Cassazione civile sezione lavoro ordinanza n° 9095/2020 del 18/05/2020 – La sospensione del dipendente pubblico sottoposto a procedimento penale, diviene priva di titolo, qualora all'esito del procedimento penale non venga attivato quello disciplinare.

Nell'impiego pubblico contrattualizzato, la sospensione facoltativa del dipendente sottoposto a procedimento penale, in quanto misura cautelare, diviene priva di titolo qualora, all'esito del procedimento penale, non venga attivatoquello disciplinare. L'onere di attivarsi per consentire la tempestiva ripresa del procedimento disciplinare, una volta definito quello penale, grava sull'amministrazione e non sul dipendente pubblico. Il legislatore, prima, e le parti collettive poi, hanno posto un preciso onere a carico delle amministrazioni, che, una volta fatto ricorso alla misura cautelare, non possono rimanere inerti e devono sollecitamente adottare tutte le iniziative necessarie a consentire una tempestiva ripresa del procedimento.
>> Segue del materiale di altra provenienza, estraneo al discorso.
lemma normN_tendsto_1:
  assumes normalized: "(\<Sum>n\<le>N. (cmod (a n))\<^sup>2) = 1"
  shows "((\<lambda>\<epsilon>. normN N a \<epsilon>) \<longlongrightarrow> 1) (at 0)"
proof (rule tendsto_sandwich)
  define G where "G = (\<Sum>\<^sub>\<infinity>m\<in>{N<..}. 1 / fact (m - N) :: real)"
  show "\<forall>\<^sub>F \<epsilon> in at 0. 1 \<le> normN N a \<epsilon>"
    using eventually_at_0_small_nonzero by eventually_elim (use one_le_normN normalized in simp)
  show "\<forall>\<^sub>F \<epsilon> in at 0. normN N a \<epsilon> \<le> 1 + \<epsilon> ^ (2 * (N + 1)) * G"
    using eventually_at_0_small_nonzero by eventually_elim (use normN_le_1_plus_power normalized G_def in simp)
  have "((\<lambda>\<epsilon>::real. 1 + \<epsilon> ^ (2 * (N + 1)) * G) \<longlongrightarrow> 1 + 0 ^ (2 * (N + 1)) * G) (at 0)"
    by (intro tendsto_intros)
  then show "((\<lambda>\<epsilon>::real. 1 + \<epsilon> ^ (2 * (N + 1)) * G) \<longlongrightarrow> 1) (at 0)" by simp
qed simp

lemma fidelity_approx_state:
  fixes \<epsilon> :: real
  assumes supp: "\<And>n. n > N \<Longrightarrow> a n = 0"
    and normalized: "(\<Sum>n\<le>N. (cmod (a n))\<^sup>2) = 1"
    and "\<epsilon> \<noteq> 0"
  shows "fidelity a (approx_state N a \<epsilon>) = 1 / normN N a \<epsilon>"
proof -
  define s where "s = sqrt (normN N a \<epsilon>)"
  have s_pos: "s > 0"
    unfolding s_def using one_le_normN[OF assms(3) normalized] by simp
  have "braket a (approx_state N a \<epsilon>) = (\<Sum>\<^sub>\<infinity>n. cnj (a n) * (approx_unnorm N a \<epsilon> n / complex_of_real s))"
    unfolding braket_def approx_state_def s_def ..
  also have "\<dots> = (\<Sum>n\<le>N. cnj (a n) * (a n / complex_of_real s))"
    by (subst infsum_cong_neutral[where T = "{..N}"])
       (use supp approx_unnorm_eq_self[OF assms(3)] in \<open>auto simp: not_le\<close>)
  also have "\<dots> = (\<Sum>n\<le>N. complex_of_real ((cmod (a n))\<^sup>2)) / complex_of_real s"
    unfolding sum_divide_distrib
    by (intro sum.cong refl) (metis complex_norm_square mult.commute times_divide_eq_right)
  also have "\<dots> = complex_of_real (1 / s)"
    unfolding of_real_sum[symmetric] normalized by simp
  finally have "fidelity a (approx_state N a \<epsilon>) = (1 / s)\<^sup>2"
    unfolding fidelity_def using s_pos by (simp add: norm_divide)
  also have "\<dots> = 1 / normN N a \<epsilon>"
    unfolding s_def using one_le_normN[OF assms(3) normalized] by (simp add: power_divide)
  finally show ?thesis .
qed

lemma has_coherent_rank_approx_state: "has_coherent_rank (N + 1) (approx_state N a \<epsilon>)"
  unfolding has_coherent_rank_def
proof (intro exI ext)
  fix m
  have "{..<N + 1} = {..N}" by auto
  then show "approx_state N a \<epsilon> m = (\<Sum>i<N + 1. (coeff_c N a \<epsilon> i / complex_of_real (sqrt (normN N a \<epsilon>))) *
      coherent (complex_of_real \<epsilon> * exp (2 * pi * \<i> * of_nat i / of_nat (N + 1))) m)"
    unfolding approx_state_def approx_unnorm_def sum_divide_distrib by (simp add: field_simps)
qed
A tal fine il legislatore, per consentire alle Pubbliche Amministrazioni di avere tempestiva notizia dei processi penali avviati a carico di dipendenti pubblici e del loro esito, ha imposto precisi oneri di comunicazione a carico del Pubblico Ministero e della cancelleria del giudice che ha emesso il provvedimento. Mai è stato previsto, a carico del dipendente sottoposto a processo penale e sospeso dal servizio, un obbligo di collaborazione e un dovere di comunicazione delle sentenze penali, a prescindere dalla natura e dal contenuto di dette decisioni.